Among the entries that follow, count the lines that contain the word "imports" and say how many there are, writing nothing else.

▸ **Given entries**

● ● ● ●

(* In the setting described in the context (with $n$ sufficiently large), let $\kappa>0$ and let $\eta$ satisfy $0\le \eta\le \frac{1}{\sqrt n}$. Then any polytope $P\subseteq\mathbb{R}^{n+1}$ such that \[ P\subseteq K(\eta,\kappa)\subseteq \frac{n}{96\Delta^2\max\{\kappa,1\}}\,P \] has at least $\frac{m}{n}$ vertices.
   Context: Let $C_1$ be an absolute constant such that for every sufficiently large $n$ and every $2\le m\le \exp(n/C_1)$ there exist $y_1,\dots,y_m\in\mathbb{R}^n$ with $\frac12\sqrt n\le\|y_i\|\le 2\sqrt n$ and $|\langle y_i,y_j\rangle|\le C_1\sqrt{n\log m}$ for $i\ne j$. Let $C_2$ be an absolute constant such that for all unit vectors $v_1,\dots,v_m\in S^{n-1}$ and $X$ distributed as $N(0,I_n)$, uniformly on $\sqrt n S^{n-1}$, or uniformly on $\sqrt n B_2^n$, one has $\mathbb{P}(\max_{i}|\langle v_i,X\rangle|\ge C_2\sqrt{\log m})\le m^{-10}$. Set $C_0=\max(C_1,100C_2)$. Let $n$ be sufficiently large, $m$ an integer with $C_0 n\le m\le \exp(n/C_0)$, and $\Delta=C_0\sqrt{\log m}$. Let $x_1,\dots,x_m\in\mathbb{R}^n$ satisfy $\frac{\sqrt n}{2\Delta}\le\|x_i\|\le\frac{2\sqrt n}{\Delta}$ for all $i$ and $|\langle x_i,x_j\rangle|\le \frac{\sqrt n}{\Delta}$ for $i\ne j$. $B_2^n$ is the Euclidean unit ball. Define $Q=\operatorname{conv}\{\pm x_i\}$, $Q_1=\operatorname{conv}(Q\cup B_2^n)$ and $Q_1^\circ=(Q_1)^\circ=Q^\circ\cap B_2^n$, where $L^\circ=\{y:\langle y,z\rangle\le1\ \forall z\in L\}$. Equip $\mathbb{R}^{n+1}$ with orthonormal basis $e_0,e_1,\dots,e_n$ and identify $\mathbb{R}^n$ with $\operatorname{span}\{e_1,\dots,e_n\}$. For $\eta\in\mathbb{R}$ and $\kappa>0$ set \[ K(\eta,\kappa)=\operatorname{conv}\big((1-\eta)e_0+Q,\ -\kappa\eta e_0+\kappa Q_1^\circ\big)\subseteq\mathbb{R}^{n+1}. \] *)

theory Defs
  imports "HOL-Analysis.Analysis" "HOL-Probability.Probability" "HOL-Library.Function_Algebras"
begin

text \<open>Finite-dimensional Euclidean spaces of varying dimension are represented inside the
  real vector space of all functions nat => real: R^n is the set of functions supported on
  the index set {1..n} (coordinates e_1,...,e_n), and R^(n+1) is the set of functions supported
  on {0..n} (coordinates e_0,e_1,...,e_n), so that R^n is literally the span of e_1..e_n.\<close>

instantiation "fun" :: (type, real_vector) real_vector
begin
definition scaleR_fun :: "real \<Rightarrow> ('a \<Rightarrow> 'b) \<Rightarrow> 'a \<Rightarrow> 'b" where
  "scaleR_fun r f = (\<lambda>x. r *\<^sub>R f x)"
instance
  by standard (auto simp: scaleR_fun_def fun_eq_iff scaleR_add_right scaleR_add_left algebra_simps)
end

definition supp_in :: "nat set \<Rightarrow> (nat \<Rightarrow> real) set" where
  "supp_in I = {x. \<forall>i. i \<notin> I \<longrightarrow> x i = 0}"

definition Rn :: "nat \<Rightarrow> (nat \<Rightarrow> real) set" where
  "Rn n = supp_in {1..n}"
definition Rn1 :: "nat \<Rightarrow> (nat \<Rightarrow> real) set" where
  "Rn1 n = supp_in {0..n}"

definition e0 :: "nat \<Rightarrow> real" where
  "e0 = (\<lambda>i. if i = 0 then 1 else 0)"

definition ip :: "nat \<Rightarrow> (nat \<Rightarrow> real) \<Rightarrow> (nat \<Rightarrow> real) \<Rightarrow> real" where
  "ip n x y = (\<Sum>i\<in>{1..n}. x i * y i)"
definition nrm :: "nat \<Rightarrow> (nat \<Rightarrow> real) \<Rightarrow> real" where
  "nrm n x = sqrt (ip n x x)"

definition ball2 :: "nat \<Rightarrow> (nat \<Rightarrow> real) set" where
  "ball2 n = {x \<in> Rn n. nrm n x \<le> 1}"

definition polar :: "nat \<Rightarrow> (nat \<Rightarrow> real) set \<Rightarrow> (nat \<Rightarrow> real) set" where
  "polar n L = {y \<in> Rn n. \<forall>z\<in>L. ip n y z \<le> 1}"

definition Qset :: "nat \<Rightarrow> (nat \<Rightarrow> nat \<Rightarrow> real) \<Rightarrow> (nat \<Rightarrow> real) set" where
  "Qset m x = convex hull ((\<lambda>i. x i) ` {1..m} \<union> (\<lambda>i. - x i) ` {1..m})"
definition Q1set :: "nat \<Rightarrow> nat \<Rightarrow> (nat \<Rightarrow> nat \<Rightarrow> real) \<Rightarrow> (nat \<Rightarrow> real) set" where
  "Q1set n m x = convex hull (Qset m x \<union> ball2 n)"
definition Q1polar :: "nat \<Rightarrow> nat \<Rightarrow> (nat \<Rightarrow> nat \<Rightarrow> real) \<Rightarrow> (nat \<Rightarrow> real) set" where
  "Q1polar n m x = polar n (Q1set n m x)"

definition Kset :: "nat \<Rightarrow> nat \<Rightarrow> (nat \<Rightarrow> nat \<Rightarrow> real) \<Rightarrow> real \<Rightarrow> real \<Rightarrow> (nat \<Rightarrow> real) set" where
  "Kset n m x \<eta> \<kappa> = convex hull
     ((\<lambda>q. (1 - \<eta>) *\<^sub>R e0 + q) ` Qset m x \<union>
      (\<lambda>q. (- (\<kappa> * \<eta>)) *\<^sub>R e0 + \<kappa> *\<^sub>R q) ` Q1polar n m x)"

definition vertices :: "(nat \<Rightarrow> real) set \<Rightarrow> (nat \<Rightarrow> real) set" where
  "vertices P = {v. v extreme_point_of P}"

text \<open>Probability measures on R^n, realised as product measures over the index set {1..n}:
  standard Gaussian N(0,I_n); uniform on sqrt n B_2^n; uniform (normalised surface) measure on
  sqrt n S^(n-1), obtained as the image of the uniform measure on the ball under radial
  projection x |-> sqrt n x/|x|.\<close>
definition gauss_n :: "nat \<Rightarrow> (nat \<Rightarrow> real) measure" where
  "gauss_n n = PiM {1..n} (\<lambda>_. density lborel std_normal_density)"
definition unif_ball_n :: "nat \<Rightarrow> (nat \<Rightarrow> real) measure" where
  "unif_ball_n n = uniform_measure (PiM {1..n} (\<lambda>_. lborel))
      {x \<in> space (PiM {1..n} (\<lambda>_. lborel :: real measure)). nrm n x \<le> sqrt (real n)}"
definition unif_sphere_n :: "nat \<Rightarrow> (nat \<Rightarrow> real) measure" where
  "unif_sphere_n n = distr (unif_ball_n n) (PiM {1..n} (\<lambda>_. borel))
      (\<lambda>x. restrict (\<lambda>i. sqrt (real n) * x i / nrm n x) {1..n})"

definition C1_prop :: "real \<Rightarrow> bool" where
  "C1_prop C1 \<longleftrightarrow> (\<exists>N. \<forall>n\<ge>N. \<forall>m::nat. 2 \<le> m \<and> real m \<le> exp (real n / C1) \<longrightarrow>
     (\<exists>y::nat \<Rightarrow> nat \<Rightarrow> real.
        (\<forall>i\<in>{1..m}. y i \<in> Rn n \<and> sqrt (real n) / 2 \<le> nrm n (y i) \<and> nrm n (y i) \<le> 2 * sqrt (real n)) \<and>
        (\<forall>i\<in>{1..m}. \<forall>j\<in>{1..m}. i \<noteq> j \<longrightarrow>
            \<bar>ip n (y i) (y j)\<bar> \<le> C1 * sqrt (real n * ln (real m)))))"

definition C2_prop :: "real \<Rightarrow> bool" where
  "C2_prop C2 \<longleftrightarrow> (\<forall>n::nat\<ge>1. \<forall>m::nat\<ge>1. \<forall>v::nat \<Rightarrow> nat \<Rightarrow> real.
     (\<forall>j\<in>{1..m}. v j \<in> Rn n \<and> nrm n (v j) = 1) \<longrightarrow>
     (\<forall>M \<in> {gauss_n n, unif_sphere_n n, unif_ball_n n}.
        measure M {X \<in> space M. \<exists>j\<in>{1..m}. \<bar>ip n (v j) X\<bar> \<ge> C2 * sqrt (ln (real m))}
          \<le> real m powr (-10)))"

end

theory Submission
  imports Defs
begin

● ● ● ●

▸ **Reply**
2